◆ Aim of the exercise: When a line of the entries contains the word "codeword", report that line.

Items listed in a dataset

definition hweight :: "(nat \<Rightarrow> 'a::field) set \<Rightarrow> ((nat \<Rightarrow> 'a) \<Rightarrow> 'a) \<Rightarrow> nat" where
  "hweight Nbar f = card {c \<in> Nbar. f c \<noteq> 0}"

definition code_dim :: "((nat \<Rightarrow> 'a::field) \<Rightarrow> 'a) set \<Rightarrow> nat" where
  "code_dim V = vector_space.dim (\<lambda>(a::'a) f. (\<lambda>c. a * f c)) V"

definition min_dist :: "(nat \<Rightarrow> 'a::field) set \<Rightarrow> ((nat \<Rightarrow> 'a) \<Rightarrow> 'a) set \<Rightarrow> nat \<Rightarrow> bool" where
  "min_dist Nbar V d \<longleftrightarrow> (\<exists>f\<in>V. f \<noteq> (\<lambda>_. 0) \<and> hweight Nbar f = d) \<and>
      (\<forall>f\<in>V. f \<noteq> (\<lambda>_. 0) \<longrightarrow> d \<le> hweight Nbar f)"

definition locality_le :: "(nat \<Rightarrow> 'a::field) set \<Rightarrow> nat \<Rightarrow> bool" where
  "locality_le Nbar r \<longleftrightarrow> (\<forall>c\<in>Nbar. \<exists>S a. S \<subseteq> Nbar - {c} \<and> card S \<le> r \<and>
       (\<forall>j. c j = (\<Sum>s\<in>S. a s * s j)))"

definition has_locality :: "(nat \<Rightarrow> 'a::field) set \<Rightarrow> nat \<Rightarrow> bool" where
  "has_locality Nbar r \<longleftrightarrow> 0 < r \<and> locality_le Nbar r \<and>
      (\<forall>r'. 0 < r' \<and> r' < r \<longrightarrow> \<not> locality_le Nbar r')"

definition is_LRC :: "nat \<Rightarrow> (nat \<Rightarrow> 'a::field) set \<Rightarrow> nat \<Rightarrow> nat \<Rightarrow> nat \<Rightarrow> nat \<Rightarrow> bool" where
  "is_LRC m Nbar n k d r \<longleftrightarrow> finite Nbar \<and> card Nbar = n \<and> code_dim (code m Nbar) = k \<and>
     min_dist Nbar (code m Nbar) d \<and> has_locality Nbar r"

end

theory Submission
  imports Defs "HOL-Library.FuncSet" "HOL-Library.Cardinality"
begin

text \<open>Write \<open>N1\<close> for the vectors of \<open>N2\<close> with \<open>\<omega> = 0\<close>, and \<open>shear\<close> for the map adding
  the third block of a vector of \<open>\<bbbF>\<^sub>q\<^bsup>3m\<^esup>\<close> to its first block. Then \<open>N2\<close> is the union of \<open>N1\<close> and
  its image under the shear, disjoint because \<open>B \<subseteq> A\<close>, and \<open>N1\<close> consists of the vectors
  supported in \<open>Q\<^sub>s = B \<union> (m + C) \<union> (2m + [m])\<close> but not in \<open>Q\<^sub>p = B \<union> (m + C) \<union> (2m + A)\<close>.
  In a coordinate space \<open>\<bbbF>\<^sup>P\<close> a nonzero linear form is nonzero on \<open>(q - 1) q\<^bsup>|P|-1\<^esup>\<close> vectors,
  so the codeword with coefficient vector \<open>x\<close> has weight \<open>q\<^bsup>|B|+|C|-1\<^esup> (s(x) + s(x'))\<close>, where
  \<open>x'\<close> is the image of \<open>x\<close> under the adjoint of the shear and \<open>s(x) \<in> {0, q\<^sup>m - q\<^bsup>|A|\<^esup>, q\<^sup>m}\<close>
  (\<open>core_weight\<close>) records whether \<open>x\<close> vanishes on \<open>Q\<^sub>s\<close>, only on \<open>Q\<^sub>p\<close>, or on neither. Minimising this
  gives the distance, and a codeword of weight \<open>0\<close> has \<open>x = 0\<close> on all \<open>2m + |C|\<close> coordinates
  used by the columns, which gives the dimension. For the locality every column is split into
  two (for \<open>q = 2\<close> three) elements of \<open>N2\<close> none of which is proportional to it; for \<open>q = 2\<close>
  and \<open>[m] - A = {k}\<close> all columns have the entry \<open>1\<close> at \<open>k + 2m\<close>, which rules out locality 2.\<close>

section \<open>Coordinate subspaces\<close>

definition supported :: "nat set \<Rightarrow> (nat \<Rightarrow> 'a::zero) set" where
  "supported P = {v. \<forall>i. i \<notin> P \<longrightarrow> v i = 0}"

lemma Delta_eq_supported: "P \<subseteq> {1..m} \<Longrightarrow> Delta m P = supported P"
  unfolding Delta_def supported_def Fvec_def supp_def by auto

lemma supported_mono: "P \<subseteq> P' \<Longrightarrow> supported P \<subseteq> supported P'"
  unfolding supported_def by blast

lemma card_supported:
  assumes "finite P"
  shows "card (supported P :: (nat \<Rightarrow> 'a::{finite,zero}) set) = CARD('a) ^ card P"
proof -
  have "bij_betw (\<lambda>v. restrict v P) (supported P) (PiE P (\<lambda>_. UNIV :: 'a set))"
  proof (rule bij_betwI)
    show "(\<lambda>v. restrict v P) \<in> supported P \<rightarrow> PiE P (\<lambda>_. UNIV)" by simp
    show "(\<lambda>f i. if i \<in> P then f i else 0) \<in> PiE P (\<lambda>_. UNIV) \<rightarrow> supported P"
      by (simp add: supported_def)
  next
    fix v :: "nat \<Rightarrow> 'a" assume "v \<in> supported P"
    then show "(\<lambda>f i. if i \<in> P then f i else 0) (restrict v P) = v"
      by (auto simp: supported_def fun_eq_iff)
  next
    fix f :: "nat \<Rightarrow> 'a" assume "f \<in> PiE P (\<lambda>_. UNIV)"
    then show "restrict ((\<lambda>f i. if i \<in> P then f i else 0) f) P = f"
      by (auto simp: fun_eq_iff PiE_def extensional_def)
  qed
  then show ?thesis
    using assms by (simp add: bij_betw_same_card card_PiE)
qed

lemma finite_supported: "finite P \<Longrightarrow> finite (supported P :: (nat \<Rightarrow> 'a::{finite,zero}) set)"
  by (rule card_ge_0_finite) (simp add: card_supported)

◆ Answer space:
  so the codeword with coefficient vector \<open>x\<close> has weight \<open>q\<^bsup>|B|+|C|-1\<^esup> (s(x) + s(x'))\<close>, where
  gives the distance, and a codeword of weight \<open>0\<close> has \<open>x = 0\<close> on all \<open>2m + |C|\<close> coordinates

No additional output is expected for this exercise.